Google: Pages And Posts Have Equal Ranking Opportunity
Google SEO companies and webmasters strive to create relevant content for their website to cater to their target audience’s needs. This typically comes in the form of either web page content and blog posts. But some SEO companies and website owners wonder: is there a difference in the way Google ranks these types of content?
A site owner recently asked John Mueller if Google ranks pages and posts differently. Mueller discussed that Google could not distinguish between web pages and blog posts when indexing and ranking content, which means that a web page can rank as high as a blog post.
The Difference Between Pages And Blog Posts
Pages are a site’s foundation; they contain the most important information about a significant topic, mostly about the website’s niche. Online businesses and site owners optimise a page’s parent topic, which is the highest-searched keyphrase, containing the essential details one should know about the product or service that the site is offering.

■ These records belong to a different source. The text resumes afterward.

(* Let $q$ be a prime power, $m\ge1$, let $g_1,\dots,g_n\in\mathbb{F}_{q^m}$ be linearly independent over $\mathbb{F}_q$ and $r_1,\dots,r_n\in\mathbb{F}_{q^m}$. Define $\Pi_1(x):=x^q-g_1^{q-1}x$, $\Lambda_1(x):=\frac{r_1}{g_1}x$, and for $i=1,\dots,n-1$ $$\Pi_{i+1}(x):=\big(x^q-\Pi_i(g_{i+1})^{q-1}x\big)\circ\Pi_i(x),\qquad \Lambda_{i+1}(x):=\Lambda_i(x)-\frac{\Lambda_i(g_{i+1})-r_{i+1}}{\Pi_i(g_{i+1})}\Pi_i(x).$$ Then $\Pi_i(x)=\Pi_{\langle g_1,\dots,g_i\rangle}(x)$ and $\Lambda_i(x)=\Lambda_{(g_1,\dots,g_i),(r_1,\dots,r_i)}(x)$ for $i=1,\dots,n$.
   Context: Write $[i]:=q^i$. $\langle\cdot\rangle$ denotes $\mathbb{F}_q$-linear span. For an $\mathbb{F}_q$-subspace $U\subseteq\mathbb{F}_{q^m}$, $\Pi_U(x)=\prod_{u\in U}(x-u)$ is the $q$-annihilator polynomial. For $\mathbb{F}_q$-linearly independent $h_1,\dots,h_s\in\mathbb{F}_{q^m}$ and $\mathbf h=(h_1,\dots,h_s)$, $\boldsymbol\rho=(\rho_1,\dots,\rho_s)\in\mathbb{F}_{q^m}^s$, the $q$-Lagrange polynomial is $\Lambda_{\mathbf h,\boldsymbol\rho}(x)=\sum_{i=1}^s(-1)^{s-i}\rho_i\det(\mathfrak D_i(\mathbf h,x))/\det(M_s(h_1,\dots,h_s))$, where $M_s(v_1,\dots,v_t)$ is the $s\times t$ matrix with $(j,l)$ entry $v_l^{[j-1]}$ and $\mathfrak D_i(\mathbf h,x)$ is $M_s(h_1,\dots,h_s,x)$ with its $i$-th column removed. *)

theory Defs
  imports "HOL-Computational_Algebra.Polynomial" "HOL-Computational_Algebra.Primes"
          "HOL-Combinatorics.Permutations"
begin

definition Fq :: "nat \<Rightarrow> 'a::field set" where
  "Fq q = {x. x ^ q = x}"

definition prime_power :: "nat \<Rightarrow> bool" where
  "prime_power q \<longleftrightarrow> (\<exists>p k. prime p \<and> k > 0 \<and> q = p ^ k)"

definition Fq_lin_indep :: "nat \<Rightarrow> nat \<Rightarrow> (nat \<Rightarrow> 'a::field) \<Rightarrow> bool" where
  "Fq_lin_indep q n g \<longleftrightarrow>
     (\<forall>c. (\<forall>j. c j \<in> Fq q) \<longrightarrow> (\<Sum>j=1..n. c j * g j) = 0 \<longrightarrow> (\<forall>j\<in>{1..n}. c j = 0))"

definition Fq_span :: "nat \<Rightarrow> nat \<Rightarrow> (nat \<Rightarrow> 'a::field) \<Rightarrow> 'a set" where
  "Fq_span q i g = {\<Sum>j=1..i. c j * g j | c. \<forall>j. c j \<in> Fq q}"

definition annih :: "'a::field set \<Rightarrow> 'a poly" where
  "annih U = (\<Prod>u\<in>U. [:-u, 1:])"

definition detn :: "nat \<Rightarrow> (nat \<Rightarrow> nat \<Rightarrow> 'a::comm_ring_1) \<Rightarrow> 'a" where
  "detn s M = (\<Sum>p\<in>{p. p permutes {1..s}}. of_int (sign p) * (\<Prod>a=1..s. M a (p a)))"

definition Moore :: "nat \<Rightarrow> (nat \<Rightarrow> 'a::field) \<Rightarrow> nat \<Rightarrow> nat \<Rightarrow> 'a" where
  "Moore q h a l = h l ^ (q ^ (a - 1))"

(* D_j(h,x): M_s(h_1,...,h_s,x) (polynomial entries in x) with the j-th column removed *)
definition Dmat :: "nat \<Rightarrow> nat \<Rightarrow> (nat \<Rightarrow> 'a::field) \<Rightarrow> nat \<Rightarrow> nat \<Rightarrow> nat \<Rightarrow> 'a poly" where
  "Dmat q s h j a b =
     (let l = (if b < j then b else b + 1) in
      if l \<le> s then [: h l ^ (q ^ (a - 1)) :] else monom 1 (q ^ (a - 1)))"

definition qLagrange :: "nat \<Rightarrow> nat \<Rightarrow> (nat \<Rightarrow> 'a::field) \<Rightarrow> (nat \<Rightarrow> 'a) \<Rightarrow> 'a poly" where
  "qLagrange q s h \<rho> =
     (\<Sum>i=1..s. smult ((-1) ^ (s - i) * \<rho> i / detn s (Moore q h)) (detn s (Dmat q s h i)))"

(* PiS q g k = Pi_{k+1},  LamS q g r k = Lambda_{k+1} *)
primrec PiS :: "nat \<Rightarrow> (nat \<Rightarrow> 'a::field) \<Rightarrow> nat \<Rightarrow> 'a poly" where
  "PiS q g 0 = monom 1 q - smult (g 1 ^ (q - 1)) [:0, 1:]"
| "PiS q g (Suc k) =
     pcompose (monom 1 q - smult (poly (PiS q g k) (g (k + 2)) ^ (q - 1)) [:0, 1:]) (PiS q g k)"

primrec LamS :: "nat \<Rightarrow> (nat \<Rightarrow> 'a::field) \<Rightarrow> (nat \<Rightarrow> 'a) \<Rightarrow> nat \<Rightarrow> 'a poly" where
  "LamS q g r 0 = smult (r 1 / g 1) [:0, 1:]"
| "LamS q g r (Suc k) =
     LamS q g r k - smult ((poly (LamS q g r k) (g (k + 2)) - r (k + 2)) / poly (PiS q g k) (g (k + 2)))
                          (PiS q g k)"

end

theory Submission
  imports Defs
begin

text \<open>
  Everything rests on \<open>F\<^sub>q\<close>-linearity. The \<open>q\<close>-th power map is additive and \<open>F\<^sub>q = {x. x\<^sup>q = x}\<close>
  has exactly \<open>q\<close> elements, so \<open>V\<^sub>i = \<langle>g\<^sub>1, \<dots>, g\<^sub>i\<rangle>\<close> has \<open>q\<^sup>i\<close> elements and an \<open>F\<^sub>q\<close>-linear
  polynomial of degree \<open>< q\<^sup>i\<close> is determined by its values at \<open>g\<^sub>1, \<dots>, g\<^sub>i\<close>.
  By induction, \<open>\<Pi>\<^sub>i\<close> is monic of degree \<open>q\<^sup>i\<close>, \<open>F\<^sub>q\<close>-linear and vanishes at \<open>g\<^sub>1, \<dots>, g\<^sub>i\<close>, hence on
  \<open>V\<^sub>i\<close>, so it is \<open>\<Pi>\<^bsub>V\<^sub>i\<^esub>\<close>. Consequently \<open>\<Pi>\<^sub>i(g\<^sub>i\<^sub>+\<^sub>1) \<noteq> 0\<close>, and \<open>\<Lambda>\<^sub>i\<close> is \<open>F\<^sub>q\<close>-linear of degree
  at most \<open>q\<^sup>i\<^sup>-\<^sup>1\<close> with \<open>\<Lambda>\<^sub>i(g\<^sub>j) = r\<^sub>j\<close>. The \<open>q\<close>-Lagrange polynomial has the same three
  properties: expanding \<open>det D\<^sub>j(g, x)\<close> along the column of \<open>x\<close> gives an \<open>F\<^sub>q\<close>-linear polynomial,
  which at \<open>x = g\<^sub>k\<close> has two equal columns unless \<open>k = j\<close>, where it is \<open>\<plusminus>det M\<^sub>s(g)\<close>. The Moore
  determinant is nonzero because \<open>det D\<^sub>s(g, x)\<close> has leading coefficient \<open>det M\<^sub>s\<^sub>-\<^sub>1(g)\<close> and would
  otherwise vanish on \<open>V\<^sub>s\<close>.
\<close>

section \<open>Finite fields\<close>

lemma of_nat_card_UNIV_eq_0: "of_nat (card (UNIV :: 'a::{finite,field} set)) = (0::'a)"
proof -
  have "(\<Sum>y\<in>UNIV. y) = (\<Sum>y\<in>UNIV. 1 + (y::'a))"
    by (rule sum.reindex_bij_witness[of _ "\<lambda>y. 1 + y" "\<lambda>y. y - 1"]) auto
  also have "\<dots> = of_nat (card (UNIV :: 'a set)) + (\<Sum>y\<in>UNIV. y)"
    by (simp add: sum.distrib)
  finally show ?thesis by simp
qed

lemma power_card_UNIV_eq_same: "(x::'a::{finite,field}) ^ card (UNIV :: 'a set) = x"
proof (cases "x = 0")
  case False
  have "x * (\<Prod>y\<in>UNIV-{0}. x * y) = x * x ^ (card (UNIV :: 'a set) - 1) * \<Prod>(UNIV-{0})"
    by (simp add: prod.distrib mult_ac)
  also have "x * x ^ (card (UNIV :: 'a set) - 1) = x ^ card (UNIV :: 'a set)"
    using finite_UNIV_card_ge_0[where ?'a = 'a] by (simp flip: power_Suc)
  also have "(\<Prod>y\<in>UNIV-{0}. x * y) = (\<Prod>y\<in>UNIV-{0}. y)"
    by (rule prod.reindex_bij_witness[of _ "\<lambda>y. y / x" "\<lambda>y. x * y"]) (use False in auto)
  finally show ?thesis by simp
qed (use finite_UNIV_card_ge_0[where ?'a = 'a] in auto)

lemma prime_power_ge_2: "prime_power q \<Longrightarrow> q \<ge> 2"
  unfolding prime_power_def
  by (metis One_nat_def le_trans power_increasing power_one_right prime_ge_2_nat
        prime_gt_0_nat Suc_leI)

Blog posts, on the other hand, can be treated as “add-ons” to supplement the web pages. Such content is all about the topics related to the website’s niche but is not necessarily directly relevant to the site’s product or service. Businesses and webmasters usually create blog posts with the specific nature of the subject or timeliness in mind, so their related topics are not practical for the overarching page. Some common topics include announcing upcoming events, sharing industry trends, or answering frequently answered questions.
Another difference between the two is that web pages are constant, while blog posts are published regularly – although publishers also update the former from time to time. Readers also turn to blogs and pages for completely different reasons. People read web pages to seek information about the business site or its products and services. On the other hand, blog posts are much more helpful at providing information about a specific topic.
Mueller Comments On Ranking Posts And Pages
Mueller discussed how Google ranks posts and pages in the weekly SEO hangout on 4 June. A website owner explained that their blog posts do not get as much traffic as their web pages, particularly the services pages. The person asked if Google treats content published as blog posts differently from other types of content.
In response, Mueller said that a blog post’s traffic is irrelevant to where a piece of content is published. He added that Googlebot probably can’t discern between a blog post and a page. The only difference between the two is something that has to do with WordPress or the backend within the CMS that site owners use. SEO companies and website owners do this to organise their content, but Google cannot actually recognise the difference.
So, when Google looks at the content, they simply consider it as an HTML page and rank it based on the content and how it is linked within a website. It does not matter if it is a web page, a blog post, or an informational article. Googlebot sees it all as an HTML page with content interlinked within the website.
The person then asked another question, this time about using longer URLs. They thought that longer URLs on blog posts might be causing problems.
According to Mueller, the URL itself is probably not the cause of the problem. Instead, online businesses and site owners should look at how they link their blog posts from other web pages on their websites.
He said that if more internal links are directed to web pages than blog posts, then Googlebot will consider those pages more important than other posts. Moreover, when blog posts do not link to other web pages on a website, the search engine would not accurately assess the level of importance, which is a massive challenge for Google SEO companies and webmasters who want to boost their search rankings.
Mueller, however, admitted that he does not know the person’s website, so it is quite challenging to say. But his best guess is that their blog section has a different internal linking from the services section and other parts of the website.
Because of the different internal linking in different parts of the website, Google sees the blog content as unrelated to the links or page type. In this case, the search engine might not recognise that this piece of content is an important part of the website. Therefore, if blog posts do not get as much traffic as the services page or other web pages, businesses and webmasters should add more internal links.
Linking to a site’s recent blog posts always lets Google know that the content is a crucial part of the website. One could also add contextual URLs to relevant blog posts from high-ranking content pages.
What Is More Important In Terms Of Content?
It is important for businesses and site owners to expand and refine their web pages over time – but so is keeping blog feeds active. When investing time and resources into creating content, publishers are torn between blog posts and web pages. But there is one guiding rule that one should follow: pages are a business site’s cornerstone; therefore, publishers should prioritise them in their content marketing strategy.
Although web pages often rank high due to the comprehensive content they provide, blogs can also rank impressively in search results. The important thing to note is that Google prefers relevant, up-to-date content for users, regardless of type. After all, the best way one can optimise their websites is by catering to the needs of their target audience; what pleases the readers also pleases Google.